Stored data
= Beginning of Section =
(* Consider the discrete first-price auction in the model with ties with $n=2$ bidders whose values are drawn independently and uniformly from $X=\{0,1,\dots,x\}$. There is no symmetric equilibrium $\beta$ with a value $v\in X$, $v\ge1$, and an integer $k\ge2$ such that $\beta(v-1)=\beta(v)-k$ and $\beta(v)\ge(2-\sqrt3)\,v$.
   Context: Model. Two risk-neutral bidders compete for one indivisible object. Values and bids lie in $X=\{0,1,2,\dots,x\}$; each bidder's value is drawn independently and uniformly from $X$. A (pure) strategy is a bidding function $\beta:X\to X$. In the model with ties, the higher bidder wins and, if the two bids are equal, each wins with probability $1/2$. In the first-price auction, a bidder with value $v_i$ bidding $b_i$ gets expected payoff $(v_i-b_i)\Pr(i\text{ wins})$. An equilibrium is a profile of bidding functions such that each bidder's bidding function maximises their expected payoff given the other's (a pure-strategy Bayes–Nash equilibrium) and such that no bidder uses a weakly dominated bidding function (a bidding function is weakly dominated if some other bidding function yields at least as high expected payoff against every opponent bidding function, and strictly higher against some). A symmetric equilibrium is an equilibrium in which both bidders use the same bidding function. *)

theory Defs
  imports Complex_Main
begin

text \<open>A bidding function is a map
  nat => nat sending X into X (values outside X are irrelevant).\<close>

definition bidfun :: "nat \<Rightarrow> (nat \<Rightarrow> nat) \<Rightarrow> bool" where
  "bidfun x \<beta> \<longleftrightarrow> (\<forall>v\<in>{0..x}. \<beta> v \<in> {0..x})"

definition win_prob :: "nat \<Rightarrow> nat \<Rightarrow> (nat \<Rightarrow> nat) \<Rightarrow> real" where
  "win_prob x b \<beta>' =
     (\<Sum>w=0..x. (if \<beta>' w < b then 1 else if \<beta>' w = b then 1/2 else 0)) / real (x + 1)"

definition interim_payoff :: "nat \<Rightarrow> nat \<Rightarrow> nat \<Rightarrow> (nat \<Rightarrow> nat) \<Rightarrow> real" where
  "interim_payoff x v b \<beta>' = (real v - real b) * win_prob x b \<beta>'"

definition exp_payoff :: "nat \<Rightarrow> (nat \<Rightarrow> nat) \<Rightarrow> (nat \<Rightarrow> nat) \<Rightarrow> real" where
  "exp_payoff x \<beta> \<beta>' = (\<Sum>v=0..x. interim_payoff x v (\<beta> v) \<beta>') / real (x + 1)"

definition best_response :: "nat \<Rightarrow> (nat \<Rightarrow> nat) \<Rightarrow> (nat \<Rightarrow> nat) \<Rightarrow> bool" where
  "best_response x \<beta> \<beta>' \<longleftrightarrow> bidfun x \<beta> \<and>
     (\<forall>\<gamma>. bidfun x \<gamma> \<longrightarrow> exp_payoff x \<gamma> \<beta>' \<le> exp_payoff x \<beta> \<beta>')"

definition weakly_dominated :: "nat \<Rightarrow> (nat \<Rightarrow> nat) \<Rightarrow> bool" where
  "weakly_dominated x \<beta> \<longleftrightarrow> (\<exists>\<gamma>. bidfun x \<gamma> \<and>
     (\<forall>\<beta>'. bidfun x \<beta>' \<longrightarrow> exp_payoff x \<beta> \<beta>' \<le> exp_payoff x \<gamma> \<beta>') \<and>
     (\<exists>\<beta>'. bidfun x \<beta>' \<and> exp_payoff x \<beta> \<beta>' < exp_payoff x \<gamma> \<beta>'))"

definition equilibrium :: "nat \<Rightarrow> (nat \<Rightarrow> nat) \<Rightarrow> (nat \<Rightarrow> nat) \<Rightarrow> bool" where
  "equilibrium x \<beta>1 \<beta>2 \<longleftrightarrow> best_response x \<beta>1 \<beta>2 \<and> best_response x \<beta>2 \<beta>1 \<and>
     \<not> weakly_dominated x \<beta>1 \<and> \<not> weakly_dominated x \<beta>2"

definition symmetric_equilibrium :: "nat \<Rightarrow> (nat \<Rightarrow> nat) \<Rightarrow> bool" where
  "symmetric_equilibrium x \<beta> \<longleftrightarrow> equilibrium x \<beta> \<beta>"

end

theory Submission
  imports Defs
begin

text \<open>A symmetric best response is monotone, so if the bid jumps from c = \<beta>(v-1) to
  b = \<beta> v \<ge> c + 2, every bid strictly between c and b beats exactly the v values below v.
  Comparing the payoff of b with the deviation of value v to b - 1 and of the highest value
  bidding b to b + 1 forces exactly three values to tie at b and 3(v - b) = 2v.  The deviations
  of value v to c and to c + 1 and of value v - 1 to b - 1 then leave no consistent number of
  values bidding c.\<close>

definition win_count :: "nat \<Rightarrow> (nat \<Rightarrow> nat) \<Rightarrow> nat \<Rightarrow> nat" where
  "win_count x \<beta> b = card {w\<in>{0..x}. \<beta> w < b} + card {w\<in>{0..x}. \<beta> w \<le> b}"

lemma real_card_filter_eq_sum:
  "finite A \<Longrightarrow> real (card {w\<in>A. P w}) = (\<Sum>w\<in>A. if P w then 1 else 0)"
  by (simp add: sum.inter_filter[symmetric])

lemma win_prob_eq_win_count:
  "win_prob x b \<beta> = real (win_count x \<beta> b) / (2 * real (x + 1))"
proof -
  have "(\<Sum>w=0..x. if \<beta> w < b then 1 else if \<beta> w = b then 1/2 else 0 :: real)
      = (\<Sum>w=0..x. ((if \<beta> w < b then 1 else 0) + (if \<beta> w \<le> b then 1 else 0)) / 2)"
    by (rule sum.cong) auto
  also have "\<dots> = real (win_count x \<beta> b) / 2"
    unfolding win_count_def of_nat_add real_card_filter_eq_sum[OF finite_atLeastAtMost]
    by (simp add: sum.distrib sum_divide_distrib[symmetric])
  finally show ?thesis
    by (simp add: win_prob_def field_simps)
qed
= End of Section =
_WHAT THE TASK REQUIRES:_
In how many lines of the data does the string "simp" appear? Give only the number.

_EXERCISE SOLUTION:_
3